─── Data for the task ───

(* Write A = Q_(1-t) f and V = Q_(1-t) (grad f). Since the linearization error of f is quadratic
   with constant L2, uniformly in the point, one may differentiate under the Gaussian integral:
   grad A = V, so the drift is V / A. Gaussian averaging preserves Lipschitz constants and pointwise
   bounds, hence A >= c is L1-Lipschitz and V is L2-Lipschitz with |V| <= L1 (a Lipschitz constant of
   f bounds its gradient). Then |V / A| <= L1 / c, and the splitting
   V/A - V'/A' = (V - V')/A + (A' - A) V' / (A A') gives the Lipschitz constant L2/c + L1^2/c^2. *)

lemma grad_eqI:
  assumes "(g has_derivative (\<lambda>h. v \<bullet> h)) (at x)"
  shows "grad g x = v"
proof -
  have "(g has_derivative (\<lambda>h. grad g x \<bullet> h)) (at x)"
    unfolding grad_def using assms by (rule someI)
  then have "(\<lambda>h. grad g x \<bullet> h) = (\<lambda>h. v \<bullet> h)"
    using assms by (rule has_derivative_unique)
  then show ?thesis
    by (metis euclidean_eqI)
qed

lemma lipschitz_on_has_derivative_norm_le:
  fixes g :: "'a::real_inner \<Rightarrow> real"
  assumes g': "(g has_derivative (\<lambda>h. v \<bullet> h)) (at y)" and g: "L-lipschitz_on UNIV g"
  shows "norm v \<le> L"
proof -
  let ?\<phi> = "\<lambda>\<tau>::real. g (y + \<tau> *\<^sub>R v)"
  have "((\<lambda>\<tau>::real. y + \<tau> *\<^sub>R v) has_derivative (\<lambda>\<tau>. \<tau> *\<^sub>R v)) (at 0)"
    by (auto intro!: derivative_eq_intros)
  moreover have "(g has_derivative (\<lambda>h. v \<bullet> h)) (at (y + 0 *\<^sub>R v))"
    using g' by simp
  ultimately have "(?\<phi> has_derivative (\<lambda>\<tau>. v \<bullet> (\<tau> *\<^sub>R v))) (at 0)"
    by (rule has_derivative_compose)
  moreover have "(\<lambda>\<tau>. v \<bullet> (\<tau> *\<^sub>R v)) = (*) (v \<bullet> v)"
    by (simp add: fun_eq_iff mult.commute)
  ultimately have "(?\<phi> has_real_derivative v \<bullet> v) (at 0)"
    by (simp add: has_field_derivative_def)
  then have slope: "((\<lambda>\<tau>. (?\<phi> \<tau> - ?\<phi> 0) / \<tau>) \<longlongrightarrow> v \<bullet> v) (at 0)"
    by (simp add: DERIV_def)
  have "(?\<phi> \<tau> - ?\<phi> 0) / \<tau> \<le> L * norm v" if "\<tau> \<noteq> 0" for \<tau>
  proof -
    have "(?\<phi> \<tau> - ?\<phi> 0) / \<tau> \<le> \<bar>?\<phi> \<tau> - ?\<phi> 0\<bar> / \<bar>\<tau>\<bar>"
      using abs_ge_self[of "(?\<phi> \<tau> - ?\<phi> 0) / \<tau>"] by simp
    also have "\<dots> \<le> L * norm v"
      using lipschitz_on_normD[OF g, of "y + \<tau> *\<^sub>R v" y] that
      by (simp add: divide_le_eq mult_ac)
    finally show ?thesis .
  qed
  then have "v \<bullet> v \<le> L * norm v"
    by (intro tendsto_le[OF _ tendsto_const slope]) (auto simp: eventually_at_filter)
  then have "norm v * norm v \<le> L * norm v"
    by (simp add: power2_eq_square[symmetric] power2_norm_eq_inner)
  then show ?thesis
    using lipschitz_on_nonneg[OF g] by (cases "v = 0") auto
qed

───

Every line in the material above that has the word "ultimately" should be copied.

Result below —
  ultimately have "(?\<phi> has_derivative (\<lambda>\<tau>. v \<bullet> (\<tau> *\<^sub>R v))) (at 0)"
  ultimately have "(?\<phi> has_real_derivative v \<bullet> v) (at 0)"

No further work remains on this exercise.